(* Let $G=(V,E)$ be an undirected weighted graph with vertex set $V$ of size $n$, where each edge $\{i,j\}$ carries a nonnegative weight $w_{ij}=w_{ji}$ (with $w_{ij}=0$ if there is no edge) and each vertex $i$ carries an attribute vector $x_i\in\mathbb{R}^d$. Define the normalized adjacency matrix $A$ by $$A_{ij}=\begin{cases}\dfrac{w_{ij}}{\sum_{i\le j} w_{ij}}, & i=j,\\[2mm] \dfrac{w_{ij}}{2\sum_{i\le j} w_{ij}}, & i\neq j,\end{cases}$$ and set $A_{i\cdot}=\sum_j A_{ij}$, $A_{\cdot j}=\sum_i A_{ij}$, and $d(x,y)=\|x-y\|$ (Euclidean norm). Let $(X,Y)$ be a pair of random vectors in $\mathbb{R}^d$ with joint distribution $$P(X=x,Y=y)=\sum_{\substack{i,j\in V\\ x_i=x,\ x_j=y}} A_{ij}.$$ Then the squared distance correlation of $X$ and $Y$, i.e. the squared vector assortativity $$r^2=\frac{\mathrm{dCov}^2(X,Y)}{\big(\mathrm{dCov}^2(X,X)\,\mathrm{dCov}^2(Y,Y)\big)^{1/2}},$$ equals $r^2=f_1/f_2$, where $$f_1=\sum_{i',j'}\sum_{i,j}A_{ij}A_{i'j'}\,d(x_i,x_{i'})\,d(x_j,x_{j'})-2\sum_{i,j}A_{ij}\Big(\sum_{i'}A_{i'\cdot}\,d(x_i,x_{i'})\Big)\Big(\sum_{j'}A_{\cdot j'}\,d(x_j,x_{j'})\Big)+\Big(\sum_{i,i'}A_{i\cdot}A_{i'\cdot}\,d(x_i,x_{i'})\Big)^2,$$ $$f_2=\sum_{i,i'}A_{i\cdot}A_{i'\cdot}\,\big(d(x_i,x_{i'})\big)^2-2\sum_{i}A_{i\cdot}\Big(\sum_{i'}A_{i'\cdot}\,d(x_i,x_{i'})\Big)^2+\Big(\sum_{i,i'}A_{i\cdot}A_{i'\cdot}\,d(x_i,x_{i'})\Big)^2.$$
   Context: Distance covariance (in the form of Lyons): for random vectors $(X,Y)$ with marginal laws $\mu,\nu$ and finite first moments, let $(X',Y')$ be an independent copy of $(X,Y)$. Set $a_\mu(x)=E_{X'}\|x-X'\|$, $D(\mu)=E\|X-X'\|$, and $d_\mu(x,x')=\|x-x'\|-a_\mu(x)-a_\mu(x')+D(\mu)$, and similarly $a_\nu$, $D(\nu)$, $d_\nu$ for $Y$. Then $\mathrm{dCov}^2(X,Y)=E[d_\mu(X,X')\,d_\nu(Y,Y')]$, $\mathrm{dCov}^2(X,X)=E[d_\mu(X,X')^2]$, $\mathrm{dCov}^2(Y,Y)=E[d_\nu(Y,Y')^2]$. The distance correlation squared is $\mathrm{dCov}^2(X,Y)/(\mathrm{dCov}^2(X,X)\,\mathrm{dCov}^2(Y,Y))^{1/2}$ (defined when the denominator is positive). Note that the joint distribution of $(X,Y)$ is symmetric, so $X$ and $Y$ have the same marginal law, given by $P(X=x)=\sum_{i:\,x_i=x}A_{i\cdot}$. *)

theory Defs
  imports "HOL-Probability.Probability"
begin

definition total_weight :: "nat \<Rightarrow> (nat \<Rightarrow> nat \<Rightarrow> real) \<Rightarrow> real" where
  "total_weight n w = (\<Sum>j<n. \<Sum>i\<in>{..j}. w i j)"

definition normA :: "nat \<Rightarrow> (nat \<Rightarrow> nat \<Rightarrow> real) \<Rightarrow> nat \<Rightarrow> nat \<Rightarrow> real" where
  "normA n w i j = (if i = j then w i j / total_weight n w
                    else w i j / (2 * total_weight n w))"

definition vertex_pair_pmf :: "nat \<Rightarrow> (nat \<Rightarrow> nat \<Rightarrow> real) \<Rightarrow> (nat \<times> nat) pmf" where
  "vertex_pair_pmf n w =
     embed_pmf (\<lambda>(i,j). if i < n \<and> j < n then normA n w i j else 0)"

definition attr_pmf :: "nat \<Rightarrow> (nat \<Rightarrow> nat \<Rightarrow> real) \<Rightarrow> (nat \<Rightarrow> 'a) \<Rightarrow> ('a \<times> 'a) pmf" where
  "attr_pmf n w x = map_pmf (\<lambda>(i,j). (x i, x j)) (vertex_pair_pmf n w)"

text \<open>Squared distance covariance (Lyons' form) of a joint law M of (X,Y).\<close>
definition dcov2 :: "('a::real_normed_vector \<times> 'b::real_normed_vector) pmf \<Rightarrow> real" where
  "dcov2 M =
    (let \<mu> = map_pmf fst M; \<nu> = map_pmf snd M;
         a\<mu> = (\<lambda>x. measure_pmf.expectation \<mu> (\<lambda>x'. norm (x - x')));
         D\<mu> = measure_pmf.expectation \<mu> a\<mu>;
         d\<mu> = (\<lambda>x x'. norm (x - x') - a\<mu> x - a\<mu> x' + D\<mu>);
         a\<nu> = (\<lambda>y. measure_pmf.expectation \<nu> (\<lambda>y'. norm (y - y')));
         D\<nu> = measure_pmf.expectation \<nu> a\<nu>;
         d\<nu> = (\<lambda>y y'. norm (y - y') - a\<nu> y - a\<nu> y' + D\<nu>)
     in measure_pmf.expectation (pair_pmf M M)
          (\<lambda>((x,y),(x',y')). d\<mu> x x' * d\<nu> y y'))"

definition dcor2 :: "('a::real_normed_vector \<times> 'b::real_normed_vector) pmf \<Rightarrow> real" where
  "dcor2 M = dcov2 M /
     sqrt (dcov2 (map_pmf (\<lambda>(x,y). (x,x)) M) * dcov2 (map_pmf (\<lambda>(x,y). (y,y)) M))"

end

theory Submission
  imports Defs
begin

text \<open>
  By symmetry of the weights the law of the vertex pair is invariant under swapping, so X and Y
  both have the law \<mu> of x_I, where vertex I has probability A_{i.}.  For a finitely supported
  law, the doubly centred distance d_\<mu>(z, z') has vanishing weighted row and column sums, so in
  E[d_\<mu>(X, X') d_\<nu>(Y, Y')] the additive corrections of d_\<nu> drop out and what remains is
  E|X - X'| |Y - Y'| - 2 E[a_\<mu>(X) a_\<nu>(Y)] + D(\<mu>) D(\<nu>).  Written as sums over vertex pairs
  this is f1, and for the law of (X, X) it is f2.  Since dCov2(X, X) = E[d_\<mu>(X, X')^2] \<ge> 0, the
  denominator sqrt (f2 * f2) is f2 itself.
\<close>

lemma expectation_finite_support:
  fixes f :: "'a \<Rightarrow> real"
  assumes "finite S" "set_pmf P \<subseteq> S"
  shows "measure_pmf.expectation P f = (\<Sum>p\<in>S. pmf P p * f p)"
  using assms by (subst integral_measure_pmf_real[where A=S]) (auto simp: mult.commute)

lemma expectation_pair_pmf:
  fixes f :: "'a \<times> 'b \<Rightarrow> real"
  assumes "finite (set_pmf P)" "finite (set_pmf Q)"
  shows "measure_pmf.expectation (pair_pmf P Q) f =
    measure_pmf.expectation P (\<lambda>p. measure_pmf.expectation Q (\<lambda>q. f (p, q)))"
proof -
  have "measure_pmf.expectation (pair_pmf P Q) f =
      (\<Sum>pq\<in>set_pmf P \<times> set_pmf Q. pmf (pair_pmf P Q) pq * f pq)"
    using assms by (intro expectation_finite_support) auto
  also have "\<dots> = (\<Sum>p\<in>set_pmf P. pmf P p * (\<Sum>q\<in>set_pmf Q. pmf Q q * f (p, q)))"
    by (auto simp: sum.cartesian_product sum_distrib_left pmf_pair mult.assoc intro!: sum.cong)
  finally show ?thesis
    using assms by (simp add: expectation_finite_support)
qed

lemma sum_centered_times_additive:
  fixes \<pi> :: "'i \<Rightarrow> real"
  assumes row: "\<And>p. (\<Sum>q\<in>S. \<pi> q * c p q) = 0" and col: "\<And>q. (\<Sum>p\<in>S. \<pi> p * c p q) = 0"
  shows "(\<Sum>p\<in>S. \<Sum>q\<in>S. \<pi> p * \<pi> q * c p q * (f p + g q + k)) = 0"
proof -
  have "(\<Sum>p\<in>S. \<Sum>q\<in>S. \<pi> p * \<pi> q * c p q * (f p + g q + k))
      = (\<Sum>p\<in>S. \<Sum>q\<in>S. \<pi> p * (f p + k) * (\<pi> q * c p q))
        + (\<Sum>p\<in>S. \<Sum>q\<in>S. \<pi> q * g q * (\<pi> p * c p q))"
    by (simp only: sum.distrib[symmetric]) (simp add: algebra_simps)
  also have "(\<Sum>p\<in>S. \<Sum>q\<in>S. \<pi> p * (f p + k) * (\<pi> q * c p q)) = 0"
    by (simp add: sum_distrib_left[symmetric] row)
  also have "(\<Sum>p\<in>S. \<Sum>q\<in>S. \<pi> q * g q * (\<pi> p * c p q)) = 0"
    by (subst sum.swap) (simp add: sum_distrib_left[symmetric] col)
  finally show ?thesis
    by simp
qed

lemma sum_double_centered_product:
  fixes \<pi> :: "'i \<Rightarrow> real" and U :: "'i \<Rightarrow> 'a::real_normed_vector"
    and V :: "'i \<Rightarrow> 'b::real_normed_vector"
  assumes "sum \<pi> S = 1"
  defines "aU \<equiv> \<lambda>p. \<Sum>q\<in>S. \<pi> q * norm (U p - U q)"
  defines "DU \<equiv> \<Sum>p\<in>S. \<pi> p * aU p"
  defines "aV \<equiv> \<lambda>p. \<Sum>q\<in>S. \<pi> q * norm (V p - V q)"
  defines "DV \<equiv> \<Sum>p\<in>S. \<pi> p * aV p"
  shows "(\<Sum>p\<in>S. \<Sum>q\<in>S. \<pi> p * \<pi> q *
            ((norm (U p - U q) - aU p - aU q + DU) * (norm (V p - V q) - aV p - aV q + DV)))
       = (\<Sum>p\<in>S. \<Sum>q\<in>S. \<pi> p * \<pi> q * norm (U p - U q) * norm (V p - V q))
         - 2 * (\<Sum>p\<in>S. \<pi> p * aU p * aV p) + DU * DV"
proof -
  define cU where "cU p q = norm (U p - U q) - aU p - aU q + DU" for p q
  have row: "(\<Sum>q\<in>S. \<pi> q * cU p q) = 0" for p
  proof -
    have "(\<Sum>q\<in>S. \<pi> q * cU p q) = (\<Sum>q\<in>S. \<pi> q * norm (U p - U q)) - aU p * sum \<pi> S
        - (\<Sum>q\<in>S. \<pi> q * aU q) + DU * sum \<pi> S"
      by (simp add: cU_def algebra_simps sum.distrib sum_subtractf sum_distrib_left sum_distrib_right)
    then show ?thesis
      by (simp add: assms(1) aU_def DU_def)
  qed
  have col: "(\<Sum>p\<in>S. \<pi> p * cU p q) = 0" for q
  proof -
    have "cU p q = cU q p" for p
      by (simp add: cU_def norm_minus_commute)
    then show ?thesis
      using row[of q] by simp
  qed
  have "(\<Sum>p\<in>S. \<Sum>q\<in>S. \<pi> p * \<pi> q * (cU p q * (norm (V p - V q) - aV p - aV q + DV)))
      = (\<Sum>p\<in>S. \<Sum>q\<in>S. \<pi> p * \<pi> q * cU p q * norm (V p - V q))
        - (\<Sum>p\<in>S. \<Sum>q\<in>S. \<pi> p * \<pi> q * cU p q * (aV p + aV q + - DV))"
    by (simp only: sum_subtractf[symmetric]) (simp add: algebra_simps)
  also have "\<dots> = (\<Sum>p\<in>S. \<Sum>q\<in>S. \<pi> p * \<pi> q * cU p q * norm (V p - V q))"
    using sum_centered_times_additive[OF row col, of aV aV "- DV"] by simp
  also have "\<dots> = (\<Sum>p\<in>S. \<Sum>q\<in>S. \<pi> p * \<pi> q * norm (U p - U q) * norm (V p - V q))
      - (\<Sum>p\<in>S. \<Sum>q\<in>S. \<pi> p * \<pi> q * aU p * norm (V p - V q))
      - (\<Sum>p\<in>S. \<Sum>q\<in>S. \<pi> p * \<pi> q * aU q * norm (V p - V q))
      + (\<Sum>p\<in>S. \<Sum>q\<in>S. \<pi> p * \<pi> q * DU * norm (V p - V q))"
    by (simp only: sum_subtractf[symmetric] sum.distrib[symmetric]) (simp add: cU_def algebra_simps)
  also have "(\<Sum>p\<in>S. \<Sum>q\<in>S. \<pi> p * \<pi> q * aU p * norm (V p - V q)) = (\<Sum>p\<in>S. \<pi> p * aU p * aV p)"
    by (simp add: aV_def sum_distrib_left mult_ac)
  also have "(\<Sum>p\<in>S. \<Sum>q\<in>S. \<pi> p * \<pi> q * aU q * norm (V p - V q)) = (\<Sum>p\<in>S. \<pi> p * aU p * aV p)"
    by (subst sum.swap) (simp add: aV_def sum_distrib_left mult_ac norm_minus_commute)
  also have "(\<Sum>p\<in>S. \<Sum>q\<in>S. \<pi> p * \<pi> q * DU * norm (V p - V q)) = DU * DV"
    by (simp add: DV_def aV_def sum_distrib_left mult_ac)
  finally show ?thesis
    by (simp add: cU_def)
qed

lemma sum_mult_nested_sum:
  fixes a b :: "'i \<Rightarrow> 'a::comm_semiring_0"
  shows "(\<Sum>i\<in>I. a i * (\<Sum>j\<in>J. b j * c i j)) = (\<Sum>i\<in>I. \<Sum>j\<in>J. a i * b j * c i j)"
  by (simp add: sum_distrib_left mult.assoc)

definition mean_dist :: "'a::real_normed_vector pmf \<Rightarrow> 'a \<Rightarrow> real" where
  "mean_dist \<mu> u = measure_pmf.expectation \<mu> (\<lambda>u'. norm (u - u'))"

definition mean_pair_dist :: "'a::real_normed_vector pmf \<Rightarrow> real" where
  "mean_pair_dist \<mu> = measure_pmf.expectation \<mu> (mean_dist \<mu>)"

lemma dcov2_eq_mean_dist:
  fixes M :: "('a::real_normed_vector \<times> 'b::real_normed_vector) pmf"
  defines "a \<equiv> mean_dist (map_pmf fst M)" and "D \<equiv> mean_pair_dist (map_pmf fst M)"
    and "b \<equiv> mean_dist (map_pmf snd M)" and "D' \<equiv> mean_pair_dist (map_pmf snd M)"
  shows "dcov2 M = measure_pmf.expectation (pair_pmf M M)
    (\<lambda>((x, y), (x', y')). (norm (x - x') - a x - a x' + D) * (norm (y - y') - b y - b y' + D'))"
  unfolding dcov2_def Let_def a_def b_def D_def D'_def mean_pair_dist_def mean_dist_def ..

lemma dcov2_expand:
  fixes M :: "('a::real_normed_vector \<times> 'b::real_normed_vector) pmf"
  assumes fin: "finite (set_pmf M)"
  shows "dcov2 M =
      measure_pmf.expectation (pair_pmf M M) (\<lambda>((x, y), (x', y')). norm (x - x') * norm (y - y'))
      - 2 * measure_pmf.expectation M
              (\<lambda>(x, y). mean_dist (map_pmf fst M) x * mean_dist (map_pmf snd M) y)
      + mean_pair_dist (map_pmf fst M) * mean_pair_dist (map_pmf snd M)"
proof -
  have E: "measure_pmf.expectation M f = (\<Sum>z\<in>set_pmf M. pmf M z * f z)" for f :: "_ \<Rightarrow> real"
    using fin by (rule expectation_finite_support) simp
  have EE: "measure_pmf.expectation (pair_pmf M M) g =
      (\<Sum>p\<in>set_pmf M. \<Sum>q\<in>set_pmf M. pmf M p * pmf M q * g (p, q))" for g :: "_ \<Rightarrow> real"
    by (simp add: expectation_pair_pmf[OF fin fin] E sum_distrib_left mult.assoc)
  have a: "mean_dist (map_pmf fst M) u = (\<Sum>q\<in>set_pmf M. pmf M q * norm (u - fst q))" for u
    by (simp add: mean_dist_def E)
  have b: "mean_dist (map_pmf snd M) v = (\<Sum>q\<in>set_pmf M. pmf M q * norm (v - snd q))" for v
    by (simp add: mean_dist_def E)
  have sum1: "sum (pmf M) (set_pmf M) = 1"
    using fin by (rule sum_pmf_eq_1) simp
  show ?thesis
    unfolding dcov2_eq_mean_dist mean_pair_dist_def EE
    using sum_double_centered_product[OF sum1, of fst snd]
    by (simp add: E a b case_prod_beta mult.assoc)
qed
══════════
Directions: The answer must consist of every line from the entries that holds the string "close".

Task result:
text \<open>Squared distance covariance (Lyons' form) of a joint law M of (X,Y).\<close>
\<close>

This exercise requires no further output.